Segment Start: Dataset records
text \<open>Every \<open>A\<close>-coloured tree has height at most one: a root of colour \<open>3, \<dots>, m - 1\<close>
  carries only leaves of colour 2, and a root of colour \<open>m\<close> carries any word of leaves of
  colours 1 and 2, whence \<open>m - 3 + 2^(n-1)\<close> trees. For \<open>B\<close>, a root of colour \<open>4, \<dots>, m\<close>
  carries only leaves of colour 1, while a root of colour 2 or 3 carries a sequence of stars
  centred at colour \<open>m\<close>; the sizes of these stars form a composition of \<open>n - 1\<close>, whence
  \<open>m - 3 + 2 \<cdot> 2^(n-2)\<close> trees. Conjugating by a permutation matrix only permutes the colours,
  hence the counts by root colour. But \<open>B\<close> has exactly 2 trees with 3 vertices and root
  colour 2, while for every root colour \<open>A\<close> has 0, 1 or 4 trees with 3 vertices.\<close>

abbreviation leaf :: "nat \<Rightarrow> ctree" where
  "leaf c \<equiv> CNode c []"

definition child_colors :: "nat \<Rightarrow> (nat \<Rightarrow> nat \<Rightarrow> nat) \<Rightarrow> nat \<Rightarrow> nat set" where
  "child_colors m M c = {j \<in> {1..m}. M c j = 1}"

lemma length_le_sum_list:
  fixes f :: "'a \<Rightarrow> nat"
  assumes "\<forall>x\<in>set xs. 0 < f x"
  shows "length xs \<le> sum_list (map f xs)"
  using assms by (induction xs) auto

lemma nverts_pos: "0 < nverts t"
  by (cases t) auto

lemma valid_col_root_col: "valid_col m M t \<Longrightarrow> root_col t \<in> {1..m}"
  by (cases t) auto

lemma valid_col_child:
  assumes "valid_col m M (CNode c ts)" "t \<in> set ts"
  shows "root_col t \<in> child_colors m M c" "valid_col m M t"
  using assms valid_col_root_col[of m M t] by (auto simp: child_colors_def)

lemma valid_col_sink_is_leaf:
  assumes "valid_col m M t" "child_colors m M (root_col t) = {}"
  shows "t = leaf (root_col t)"
proof (cases t)
  case (CNode c ts)
  have "ts = []"
  proof (rule ccontr)
    assume "ts \<noteq> []"
    then have "hd ts \<in> set ts" by simp
    then have "root_col (hd ts) \<in> child_colors m M c"
      using valid_col_child(1) assms(1) CNode by blast
    then show False using assms(2) CNode by simp
  qed
  with CNode show ?thesis by simp
qed

lemma finite_valid_col_nverts_le: "finite {T. valid_col m M T \<and> nverts T \<le> n}"
proof (induction n)
  case 0
  then show ?case by (simp add: nverts_pos[THEN gr_implies_not0])
next
  case (Suc n)
  let ?F = "{T. valid_col m M T \<and> nverts T \<le> n}"
  let ?C = "{1..m} \<times> {ts. set ts \<subseteq> ?F \<and> length ts \<le> n}"
  have "{T. valid_col m M T \<and> nverts T \<le> Suc n} \<subseteq> case_prod CNode ` ?C"
  proof
    fix T assume T: "T \<in> {T. valid_col m M T \<and> nverts T \<le> Suc n}"
    obtain c ts where T_eq: "T = CNode c ts" by (cases T)
    have size: "sum_list (map nverts ts) \<le> n" using T T_eq by simp
    have "nverts t \<le> n" if "t \<in> set ts" for t
      using member_le_sum_list[of "nverts t" "map nverts ts"] that size by simp
    then have "set ts \<subseteq> ?F"
      using T T_eq by auto
    moreover have "length ts \<le> n"
      using length_le_sum_list[of ts nverts] nverts_pos size by simp
    ultimately have "(c, ts) \<in> ?C"
      using T T_eq by simp
    then show "T \<in> case_prod CNode ` ?C"
      using T_eq by (simp add: image_iff)
  qed
  moreover have "finite ?C"
    using finite_lists_length_le[OF Suc.IH] by simp
  ultimately show ?case by (rule finite_subset[OF _ finite_imageI])
qed

lemma nverts_leaves: "sum_list (map nverts (map leaf xs)) = length xs"
  by (induction xs) auto

lemma t_col_eq_sum_t_col_root: "t_col m M n = (\<Sum>c = 1..m. t_col_root m M c n)"
proof -
  let ?R = "\<lambda>c. {T. valid_col m M T \<and> nverts T = n \<and> root_col T = c}"
  have "{T. valid_col m M T \<and> nverts T = n} = (\<Union>c\<in>{1..m}. ?R c)"
    using valid_col_root_col by blast
  then have "t_col m M n = card (\<Union>c\<in>{1..m}. ?R c)"
    unfolding t_col_def by simp
  also have "\<dots> = (\<Sum>c = 1..m. card (?R c))"
  proof (rule card_UN_disjoint)
    show "\<forall>c\<in>{1..m}. finite (?R c)"
      by (intro ballI finite_subset[OF _ finite_valid_col_nverts_le[of m M n]]) auto
  qed auto
  finally show ?thesis unfolding t_col_root_def .
qed

lemma nverts_eq_1_iff: "nverts T = 1 \<longleftrightarrow> T = leaf (root_col T)"
proof (cases T)
  case (CNode c ts)
  have "sum_list (map nverts ts) = 0 \<longleftrightarrow> ts = []"
    using nverts_pos[of "hd ts"] by (cases ts) auto
  with CNode show ?thesis by simp
qed

lemma t_col_one: "t_col m M 1 = m"
proof -
  have "{T. valid_col m M T \<and> nverts T = 1} = leaf ` {1..m}"
    using valid_col_root_col nverts_eq_1_iff by force
  then show ?thesis unfolding t_col_def by (simp add: card_image inj_on_def)
qed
Segment End: Dataset records
== Exercise directions ==
Copy each line above that contains the word "forall".

== Response ==
  assumes "\<forall>x\<in>set xs. 0 < f x"
    show "\<forall>c\<in>{1..m}. finite (?R c)"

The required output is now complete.